Michael San Giovanni has watched hundreds maybe thousands of women glide across the stage in his capacity as a pageant judge in seven pageants. And San Giovanni has worked with his fair share of beautiful and well-spoken women after acting in multiple Broadway shows and making several television appearances. While taking a break from judging this year's Miss Oklahoma America pageant, San Giovanni explained the appearance of a contestant is only a portion of what he looks for in a winner.

"You're looking for someone who is capable of speaking in public, extremely intelligent and healthy looking," he said. "This is a job interview. Yes, this is a beauty pageant, but it's also a full-time job for a year."

This full-time job is filled with appearances throughout the state leading up to the national competition. That means the winner needs to be comfortable speaking in front of large crowds.

Casey Preslar Erwin, Miss Oklahoma America 2002, said that aspect of the job isn't to be underestimated. During her reign, she said, she put 30,000 miles on her car driving to communities across the state and meeting the people she represented.

"On an average day, I would go to two or three (school) assemblies," she said, while perhaps attending a corporate event that night. "The variety in your schedule is incredible. You have to be able to relate to so many different crowds."

Not everyone is able to do that, as evidenced by the response Miss South Carolina gave in the Miss Teen USA pageant in 2007. During her on-stage question, when asked why so many of her fellow Americans couldn't locate their home country on a map, she responded with a rambling, disjointed answer about "U.S. Americans" not having maps, while also somehow tying South Africa, Iraq and a variety of Asian countries into her response. That uncomfortable moment not only aired on national television, it drew tens of millions of YouTube hits when it was posted online.

Alison Renee Lee understands the importance of being well spoken better than most people. As the first African-American woman to be named a circuit court judge, Lee was asked to judge in a completely different atmosphere in 2008 at the Miss South Carolina America pageant. In June, she also sat with the panel of judges at Tulsa's Mabee Center to select Oklahoma's representative for this year's Miss America pageant.

"Because she's going to be a spokesperson, you ... look at if a lot of people will be able to relate to her," she said. "Will she be a personal representative to the state?"

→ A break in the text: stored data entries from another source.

text \<open>Run on the (unnormalised) branch state v when the true index is i: every
  leaf reached with non-zero probability (non-zero branch vector) outputs i.\<close>
fun identifies :: "protocol \<Rightarrow> state \<Rightarrow> nat \<Rightarrow> bool" where
  "identifies (Leaf j) v i \<longleftrightarrow> v = (\<lambda>_. 0) \<or> j = i"
| "identifies (Node p bs) v i \<longleftrightarrow>
     (\<forall>bt \<in> set bs. identifies (snd bt) (apply_local p (fst bt) v) i)"

definition LOCC_perfectly_distinguishable :: "(nat \<Rightarrow> state) \<Rightarrow> nat \<Rightarrow> bool" where
  "LOCC_perfectly_distinguishable b n \<longleftrightarrow>
     (\<exists>t. wf_protocol t \<and> (\<forall>i<n. identifies t (b i) i))"

end

theory Submission
  imports Defs
begin

(*
  Every finite-round LOCC protocol is in particular a separable
  measurement: unfolding the protocol tree yields a finite list of product
  vectors m_r, each tagged with the guess j_r of the leaf it leads to, with
  sum_r |m_r><m_r| = I, and such that <m_r|v> <> 0 forces the guess j_r
  whenever the protocol identifies v.

  If such a measurement identifies an orthonormal basis b_0..b_{n-1} of a
  subspace S, then every m_r with <m_r|b_i> <> 0 is orthogonal to all other
  basis vectors, so its rescaling has the same projection onto S as b_i.
  Expanding b_i through the resolution of the identity exhibits b_i as a
  weighted average of product vectors that all project to b_i
  ("product average", defined below).

  For S = S_5 a direct coordinate computation shows that a product average
  lying in S_5 is orthogonal to |001> - |100>.  Since this vector lies in S_5,
  it would then be orthogonal to the whole basis of S_5, hence zero: a
  contradiction.
*)

lemma sum_label: "(\<Sum>x\<in>(UNIV::label set). f x) =
  f (False,False,False) + f (False,False,True) + f (False,True,False) + f (False,True,True) +
  f (True,False,False) + f (True,False,True) + f (True,True,False) + f (True,True,True)"
proof -
  have U: "(UNIV::label set) = {(False,False,False), (False,False,True), (False,True,False),
      (False,True,True), (True,False,False), (True,False,True), (True,True,False), (True,True,True)}"
    by (auto simp: UNIV_bool)
  show ?thesis by (subst U) (simp add: add.assoc)
qed

lemma sum_bool: "(\<Sum>x\<in>(UNIV::bool set). f x) = f False + f True"
  by (simp add: UNIV_bool)

lemma inner_swap: "inner u v = cnj (inner v u)"
  unfolding inner_def by (simp add: mult.commute)

lemma inner_ket_left: "inner (ket x) v = v x"
proof -
  have "inner (ket x) v = (\<Sum>y\<in>UNIV. if y = x then v y else 0)"
    unfolding inner_def ket_def by (rule sum.cong) auto
  then show ?thesis by simp
qed

lemma inner_lin_comb: "inner m (lin_comb c g n) = (\<Sum>j<n. c j * inner m (g j))"
  unfolding inner_def lin_comb_def
  by (simp add: sum_distrib_left sum.swap[of _ UNIV] algebra_simps)

lemma in_span_self: "i < n \<Longrightarrow> g i \<in> span_of g n"
proof -
  assume i: "i < n"
  have "lin_comb (\<lambda>j. if j = i then 1 else 0) g n = g i"
  proof
    fix x
    have "(\<Sum>k<n. (if k = i then 1 else 0) * g k x) = (\<Sum>k<n. if k = i then g i x else 0)"
      by (rule sum.cong) auto
    then show "lin_comb (\<lambda>j. if j = i then 1 else 0) g n x = g i x"
      using i by (simp add: lin_comb_def)
  qed
  then show ?thesis unfolding span_of_def by (metis rangeI)
qed

definition product_state :: "state \<Rightarrow> bool" where
  "product_state m \<longleftrightarrow> (\<exists>X Y Z. \<forall>a b c. m (a, b, c) = X a * Y b * Z c)"

lemma product_state_ket: "product_state (ket x)"
proof -
  obtain x1 x2 x3 where x: "x = (x1, x2, x3)" by (cases x) auto
  show ?thesis unfolding product_state_def ket_def x
    by (rule exI[of _ "\<lambda>a. if a = x1 then 1 else 0"], rule exI[of _ "\<lambda>a. if a = x2 then 1 else 0"],
        rule exI[of _ "\<lambda>a. if a = x3 then 1 else 0"]) auto
qed

lemma product_state_scale: "product_state m \<Longrightarrow> product_state (\<lambda>y. m y / d)"
proof -
  assume "product_state m"
  then obtain X Y Z where m: "\<And>a b c. m (a, b, c) = X a * Y b * Z c"
    unfolding product_state_def by blast
  show ?thesis unfolding product_state_def
    by (intro exI[of _ "\<lambda>a. X a / d"] exI[of _ Y] exI[of _ Z]) (simp add: m)
qed

lemma product_state_apply_local:
  assumes "product_state m" shows "product_state (apply_local p A m)"
proof -
  obtain X Y Z where m: "\<And>a b c. m (a, b, c) = X a * Y b * Z c"
    using assms unfolding product_state_def by blast
  define act where "act W = (\<lambda>a. \<Sum>y\<in>UNIV. A a y * W y)" for W :: "bool \<Rightarrow> complex"
  consider "p = 0" | "p = 1" | "p \<noteq> 0" "p \<noteq> 1" by blast
  then show ?thesis
  proof cases
    case 1
    then show ?thesis unfolding product_state_def apply_local_def
      by (intro exI[of _ "act X"] exI[of _ Y] exI[of _ Z]) (simp add: act_def m sum_bool algebra_simps)
  next
    case 2
    then show ?thesis unfolding product_state_def apply_local_def
      by (intro exI[of _ X] exI[of _ "act Y"] exI[of _ Z]) (simp add: act_def m sum_bool algebra_simps)
  next
    case 3
    then show ?thesis unfolding product_state_def apply_local_def
      by (intro exI[of _ X] exI[of _ Y] exI[of _ "act Z"]) (simp add: act_def m sum_bool algebra_simps)
  qed
qed

lemma product_state_minors:
  assumes "product_state u"
  shows "u (False,False,False) * u (False,True,True) = u (False,False,True) * u (False,True,False)"
    and "u (False,False,False) * u (True,False,True) = u (False,False,True) * u (True,False,False)"
    and "u (False,False,False) * u (True,True,False) = u (False,True,False) * u (True,False,False)"
    and "u (False,False,False) * u (False,False,False) * u (True,True,True) =
         u (False,False,True) * u (False,True,False) * u (True,False,False)"
  using assms unfolding product_state_def by (auto simp: algebra_simps)

section \<open>LOCC protocols are separable measurements\<close>

definition adj :: "local_op \<Rightarrow> local_op" where
  "adj A = (\<lambda>a y. cnj (A y a))"

lemma inner_apply_local_adj:
  "p < 3 \<Longrightarrow> inner (apply_local p (adj A) m) v = inner m (apply_local p A v)"
  unfolding inner_def apply_local_def adj_def
  by (auto simp: sum_label sum_bool algebra_simps)

text \<open>Entries of the Gram matrix A^* A of a Kraus operator, and the matrix of the
  sesquilinear form (v, w) with all qubits except that of party p traced out.\<close>
definition kraus_gram :: "local_op \<Rightarrow> bool \<Rightarrow> bool \<Rightarrow> complex" where
  "kraus_gram A y y' = (\<Sum>a\<in>UNIV. cnj (A a y) * A a y')"

definition local_form :: "nat \<Rightarrow> state \<Rightarrow> state \<Rightarrow> bool \<Rightarrow> bool \<Rightarrow> complex" where
  "local_form p v w y y' = (\<Sum>b\<in>UNIV. \<Sum>c\<in>UNIV. (if p = 0 then cnj (v (y,b,c)) * w (y',b,c)
      else if p = 1 then cnj (v (b,y,c)) * w (b,y',c) else cnj (v (b,c,y)) * w (b,c,y')))"

lemma inner_apply_local: "inner (apply_local p A v) (apply_local p A w) =
   (\<Sum>y\<in>UNIV. \<Sum>y'\<in>UNIV. local_form p v w y y' * kraus_gram A y y')"
  unfolding inner_def apply_local_def local_form_def kraus_gram_def
  by (auto simp: sum_label sum_bool algebra_simps)

lemma local_form_trace: "(\<Sum>y\<in>UNIV. local_form p v w y y) = inner v w"
  unfolding inner_def local_form_def by (auto simp: sum_label sum_bool algebra_simps)

lemma kraus_complete_inner:
  assumes "kraus_complete As"
  shows "(\<Sum>A\<leftarrow>As. inner (apply_local p A v) (apply_local p A w)) = inner v w"
proof -
  have gram: "(\<Sum>A\<leftarrow>As. kraus_gram A y y') = (if y = y' then 1 else 0)" for y y'
    using assms unfolding kraus_complete_def kraus_gram_def by simp
  have "(\<Sum>A\<leftarrow>As. inner (apply_local p A v) (apply_local p A w)) =
      (\<Sum>y\<in>UNIV. \<Sum>y'\<in>UNIV. local_form p v w y y' * (\<Sum>A\<leftarrow>As. kraus_gram A y y'))"
    by (simp add: inner_apply_local sum_list_sum_nth sum.swap[of _ "{..<length As}"]
        sum_distrib_left atLeast0LessThan)
  also have "\<dots> = inner v w"
    using local_form_trace[of p v w] by (simp add: gram sum_bool)
  finally show ?thesis .
qed

text \<open>A list of (unnormalised) measurement vectors m, each tagged with a guess j,
  whose rank-one operators |m><m| sum to the identity.\<close>
definition resolves_identity :: "(state \<times> nat) list \<Rightarrow> bool" where
  "resolves_identity ms \<longleftrightarrow> (\<forall>v w. inner v w = (\<Sum>(m, j)\<leftarrow>ms. cnj (inner m v) * inner m w))"

definition labels_sound :: "protocol \<Rightarrow> (state \<times> nat) list \<Rightarrow> bool" where
  "labels_sound t ms \<longleftrightarrow>
     (\<forall>v i. identifies t v i \<longrightarrow> (\<forall>(m, j)\<in>set ms. inner m v \<noteq> 0 \<longrightarrow> j = i))"

definition pull_back :: "nat \<Rightarrow> local_op \<Rightarrow> (state \<times> nat) list \<Rightarrow> (state \<times> nat) list" where
  "pull_back p A ms = map (\<lambda>(m, j). (apply_local p (adj A) m, j)) ms"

Former Miss Oklahoma Merchant said she enjoys getting contestants in the interview room during the preliminary pageant competitions.

"That's where you see the obvious differences (between contestants), see their confidence and learn about things that are important to them," she said.

When they are quizzed publicly, Merchant said, many pageant contestants take the safe route, issuing bland and predictable answers to even the most provocative questions. But when they face just the judges in a more private setting, Merchant said, that approach does not necessarily work.

"In a safe setting like that, you can tell who's genuine," she said. "A lot of them still think they need to tell the panel what they want to hear. But I don't care what their opinion is, as long as its hers and she validates it. Tell me why you believe it. A lot of time, the answer I'm looking for can be as simple as, 'That's the way I was raised,' or 'That's based on the experiences I've had.' Just validate and support your answer. That's what I'm looking for."

Then again, that's not what everyone is looking for. Having judged multiple competitions, San Giovanni said not all pageant organizations are focused on the same ideals as the Miss America pageant.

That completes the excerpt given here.